◆ WHAT IS REQUIRED ◆
State the number of lines in the records beneath that hold the word "forall", and add nothing.

[Records excerpted from a collection]
_ _ _ _ _ _ _

(* Let $D=(N,A)$, $\mathcal{K}$, $\{D^k\}_{k\in\mathcal{K}}$ be an instance of SND-RR with time horizon $T$, $\mathcal{A}$ a valid arc partition, $G=G(D,\mathcal{A})=(V,E)$ the auxiliary flat network, and $G_S=(V_S,E_S\cup F_S)$ a partial network of $G$ satisfying properties (P1$'$) and (P2$'$) below. Then the optimal value of SND-RR$(G_S)$ is a lower bound on the optimal value of SND-RR$(G_T)$. (P1$'$) For all $k\in\mathcal{K}$, $(o'_k,r_k)\in V_S$ and $(d^0_k,l_k)\in V_S$; for all $v\in N$, $(v^0,T)\in V_S$ and $(u,0)\in V_S$ for all $u\in\mathcal{V}(v)$. (P2$'$) For all $xz\in E$ and all $(x,t)\in V_S$ with $t+\tau_{xz}\le T$, we have $((x,t),(z,t'))\in E_S$ where $t'=\max\{r: r\le t+\tau_{xz},\ (z,r)\in V_S\}$.
   Context: An instance of SND-RR consists of: a directed graph $D=(N,A)$; for each $vw\in A$ a transit time $\tau_{vw}\in\mathbb{Z}_{>0}$, fixed cost $f_{vw}>0$, capacity $u_{vw}\in\mathbb{Z}_{>0}$, per-unit cost $c^k_{vw}>0$ for each commodity $k$; commodities $\mathcal{K}$, each with origin $o_k$, destination $d_k$, demand $q_k$, release time $r_k$, deadline $l_k$ (integers, earliest release $0$); subgraphs $D^k=(N^k,A^k)\subseteq D$ with $\delta^+_{D^k}(d_k)=\emptyset$ and $\delta^+_{D^k}(v)\ne\emptyset$ for $v\in N^k\setminus\{d_k\}$. $T=\max_kl_k$, $[T]=\{0,\dots,T\}$. For a timed arc $a=((v,t),(w,t'))$ with underlying arc $vw$: $u_a=u_{vw}$, $f_a=f_{vw}$, $c^k_a=c^k_{vw}$, $\tau_a=\tau_{vw}$ (not $t'-t$). $x^k(S)=\sum_{a\in S}x^k_a$; $\delta^\pm_H(v,t)$ are outgoing/incoming timed arcs in $H$. Valid partition: $\mathcal{A}=\{\mathcal{A}_v\}_{v\in N}$, each $\mathcal{A}_v$ a partition of $\delta^+_D(v)$, such that for each $k$, $\delta^+_{D^k}(v)\subseteq A_i$ for some $A_i\in\mathcal{A}_v$. Auxiliary network $G=(V,E)$: $\mathcal{V}(v)=\{v^0,\dots,v^{|\mathcal{A}_v|}\}$ (copy $v^i$ per part $A_i\in\mathcal{A}_v$, terminal copy $v^0$), $V=\bigcup_v\mathcal{V}(v)$, $E=\{v^iw^j:vw\in A_i\in\mathcal{A}_v,w^j\in\mathcal{V}(w)\}$, each $v^iw^j$ with the transit time and costs of $vw$. With $\mathcal{K}(A_i)=\{k:\emptyset\ne\delta^+_{D^k}(v)\subseteq A_i\}$: $G^k=(V^k,E^k)$, $V^k=\{v^i:v\in N^k,A_i\in\mathcal{A}_v,k\in\mathcal{K}(A_i)\}\cup\{d^0_k\}$, $E^k=\{v^iw^j:vw\in A^k,v^i,w^j\in V^k\}$; $o'_k$ is the unique copy of $o_k$ in $V^k$. Full time-expanded network of $G$: $G_T=(V_T,E_T\cup F_T)$ with $V_T=V\times[T]$, movement arcs $((x,t),(z,t+\tau_{xz}))$ for $xz\in E$, $t+\tau_{xz}\le T$, holdover arcs $((x,t),(x,t+1))$; similarly $G^k_T=(V^k_T,E^k_T\cup F^k_T)$, and $D_T=(N_T,A_T\cup H_T)$ for $D$. For $a=((v,t),(w,t'))\in A_T$, $\mathcal{E}_T(a)=\{((v^i,t),(w^j,t')):vw\in A_i\in\mathcal{A}_v,w^j\in\mathcal{V}(w)\}$. SND-RR$(G_T)$: minimize $\sum_{a\in A_T}f_ay_a+\sum_k\sum_{e\in E_T}c^k_eq_kx^k_e$ s.t. for all $k$, $(x,t)\in V^k_T$: $x^k(\delta^+_{G^k_T}(x,t))-x^k(\delta^-_{G^k_T}(x,t))$ is $1$ at $(o'_k,r_k)$, $-1$ at $(d^0_k,l_k)$, $0$ otherwise; $\sum_k\sum_{e\in\mathcal{E}_T(a)}q_kx^k_e\le u_ay_a$ for $a\in A_T$; $x^k_e\in\{0,1\}$ for $e\in E^k_T\cup F^k_T$ ($0$ otherwise); $y_a\in\mathbb{Z}_{\ge0}$. A partial network of $G$ is $G_S=(V_S,E_S\cup F_S)$ with $V_S\subseteq V_T$, $E_S\subseteq\{((x,t),(z,t')):(x,t)\in V_T,xz\in E,t'\le t+\tau_{xz}\le T\}$, and $F_S$ the holdover arcs joining each $(x,t)\in V_S$ to the next copy of $x$ in $V_S$. $G^k_S=(V^k_S,E^k_S\cup F^k_S)$: $V^k_S=\{(x,t)\in V_S:x\in V^k\}$, $E^k_S=\{((x,t),(z,t'))\in E_S:xz\in E^k\}$, $F^k_S$ the arcs of $F_S$ on copies of nodes of $V^k$. The associated partial network of $D$ is $D_S(G_S)=(N_S,A_S\cup H_S)$ with $N_S=\{(v,t):(u,t)\in V_S\text{ for some }u\in\mathcal{V}(v)\}$ and $A_S=\{((v,t),(w,t')):(v,t)\in N_S,vw\in A,t+\tau_{vw}\le T,t'=\max\{r:r\le t+\tau_{vw},(w,r)\in N_S\}\}$. For $a=((v,t),(w,t'))\in A_S$, $\mathcal{E}_S(a)=\{((v^i,t),(w^j,t''))\in E_S: w^j\in\mathcal{V}(w), vw\in A_i\in\mathcal{A}_v\}$. SND-RR$(G_S)$: minimize $\sum_{a\in A_S}f_ay_a+\sum_k\sum_{e\in E_S}c^k_eq_kx^k_e$ s.t. for all $k$, $(x,t)\in V^k_S$: $x^k(\delta^+_{G^k_S}(x,t))-x^k(\delta^-_{G^k_S}(x,t))$ is $1$ at $(o'_k,r_k)$, $-1$ at $(d^0_k,l_k)$, $0$ otherwise; $\sum_k\sum_{e\in\mathcal{E}_S(a)}q_kx^k_e\le u_ay_a$ for all $a\in A_S$; $\sum_{e\in E^k_S}\tau_ex^k_e\le l_k-r_k$ for all $k$; $x^k_e\in\{0,1\}$ for $e\in E^k_S\cup F^k_S$ ($0$ otherwise); $y_a\in\mathbb{Z}_{\ge0}$ for $a\in A_S$. *)

theory Defs
  imports Main "HOL-Library.Disjoint_Sets" "HOL-Library.Extended_Real"
begin

record ('n, 'k) sndrr =
  nodes :: "'n set"
  arcs  :: "('n \<times> 'n) set"
  tau   :: "'n \<times> 'n \<Rightarrow> nat"
  fcost :: "'n \<times> 'n \<Rightarrow> real"
  cap   :: "'n \<times> 'n \<Rightarrow> nat"
  ucost :: "'k \<Rightarrow> 'n \<times> 'n \<Rightarrow> real"
  comms :: "'k set"
  orig  :: "'k \<Rightarrow> 'n"
  dest  :: "'k \<Rightarrow> 'n"
  dem   :: "'k \<Rightarrow> nat"
  rel   :: "'k \<Rightarrow> nat"
  dl    :: "'k \<Rightarrow> nat"
  subN  :: "'k \<Rightarrow> 'n set"
  subA  :: "'k \<Rightarrow> ('n \<times> 'n) set"

definition outarcs :: "('n \<times> 'n) set \<Rightarrow> 'n \<Rightarrow> ('n \<times> 'n) set" where
  "outarcs B v = {a \<in> B. fst a = v}"

definition snd_instance :: "('n, 'k, 'z) sndrr_scheme \<Rightarrow> bool" where
  "snd_instance I \<longleftrightarrow>
     finite (nodes I) \<and> arcs I \<subseteq> nodes I \<times> nodes I \<and> finite (comms I) \<and>
     (\<forall>a\<in>arcs I. tau I a > 0 \<and> fcost I a > 0 \<and> cap I a > 0 \<and> (\<forall>k\<in>comms I. ucost I k a > 0)) \<and>
     (\<forall>k\<in>comms I. orig I k \<in> subN I k \<and> dest I k \<in> subN I k \<and> subN I k \<subseteq> nodes I \<and>
        subA I k \<subseteq> arcs I \<and> subA I k \<subseteq> subN I k \<times> subN I k \<and>
        outarcs (subA I k) (dest I k) = {} \<and>
        (\<forall>v \<in> subN I k - {dest I k}. outarcs (subA I k) v \<noteq> {})) \<and>
     (\<exists>k\<in>comms I. rel I k = 0)"

definition horizon :: "('n, 'k, 'z) sndrr_scheme \<Rightarrow> nat" where
  "horizon I = Max (dl I ` comms I)"

section \<open>Valid partitions and the auxiliary network G\<close>

text \<open>A partition P assigns to each node v the set of parts of its out-arcs.
  Copies of v: the terminal copy (v, None) and (v, Some X) for each part X.\<close>

type_synonym 'n part = "'n \<Rightarrow> ('n \<times> 'n) set set"
type_synonym 'n gnode = "'n \<times> ('n \<times> 'n) set option"
type_synonym 'n tnode = "'n gnode \<times> nat"
type_synonym 'n tarc = "'n tnode \<times> 'n tnode"
type_synonym 'n darc = "('n \<times> nat) \<times> ('n \<times> nat)"

definition valid_partition :: "('n, 'k, 'z) sndrr_scheme \<Rightarrow> 'n part \<Rightarrow> bool" where
  "valid_partition I P \<longleftrightarrow>
     (\<forall>v\<in>nodes I. partition_on (outarcs (arcs I) v) (P v)) \<and>
     (\<forall>k\<in>comms I. \<forall>v\<in>nodes I. outarcs (subA I k) v \<noteq> {} \<longrightarrow>
        (\<exists>X\<in>P v. outarcs (subA I k) v \<subseteq> X))"

definition copies :: "'n part \<Rightarrow> 'n \<Rightarrow> 'n gnode set" where
  "copies P v = insert (v, None) ((\<lambda>X. (v, Some X)) ` P v)"

definition Vaux :: "('n, 'k, 'z) sndrr_scheme \<Rightarrow> 'n part \<Rightarrow> 'n gnode set" where
  "Vaux I P = (\<Union>v\<in>nodes I. copies P v)"

definition Eaux :: "('n, 'k, 'z) sndrr_scheme \<Rightarrow> 'n part \<Rightarrow> ('n gnode \<times> 'n gnode) set" where
  "Eaux I P = {((v, Some X), z) | v X z. v \<in> nodes I \<and> X \<in> P v \<and>
                 (v, fst z) \<in> X \<and> z \<in> copies P (fst z)}"

definition gtau :: "('n, 'k, 'z) sndrr_scheme \<Rightarrow> 'n gnode \<times> 'n gnode \<Rightarrow> nat" where
  "gtau I e = tau I (fst (fst e), fst (snd e))"

definition uarc :: "'n tarc \<Rightarrow> 'n \<times> 'n" where
  "uarc e = (fst (fst (fst e)), fst (fst (snd e)))"

definition Kpart :: "('n, 'k, 'z) sndrr_scheme \<Rightarrow> 'n \<Rightarrow> ('n \<times> 'n) set \<Rightarrow> 'k set" where
  "Kpart I v X = {k \<in> comms I. outarcs (subA I k) v \<noteq> {} \<and> outarcs (subA I k) v \<subseteq> X}"

definition Vk :: "('n, 'k, 'z) sndrr_scheme \<Rightarrow> 'n part \<Rightarrow> 'k \<Rightarrow> 'n gnode set" where
  "Vk I P k = {(v, Some X) | v X. v \<in> subN I k \<and> X \<in> P v \<and> k \<in> Kpart I v X}
              \<union> {(dest I k, None)}"

definition Ek :: "('n, 'k, 'z) sndrr_scheme \<Rightarrow> 'n part \<Rightarrow> 'k \<Rightarrow> ('n gnode \<times> 'n gnode) set" where
  "Ek I P k = {(x, z) \<in> Eaux I P. (fst x, fst z) \<in> subA I k \<and> x \<in> Vk I P k \<and> z \<in> Vk I P k}"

_ _ _ _ _ _ _

◆ ANSWER BELOW ◆
5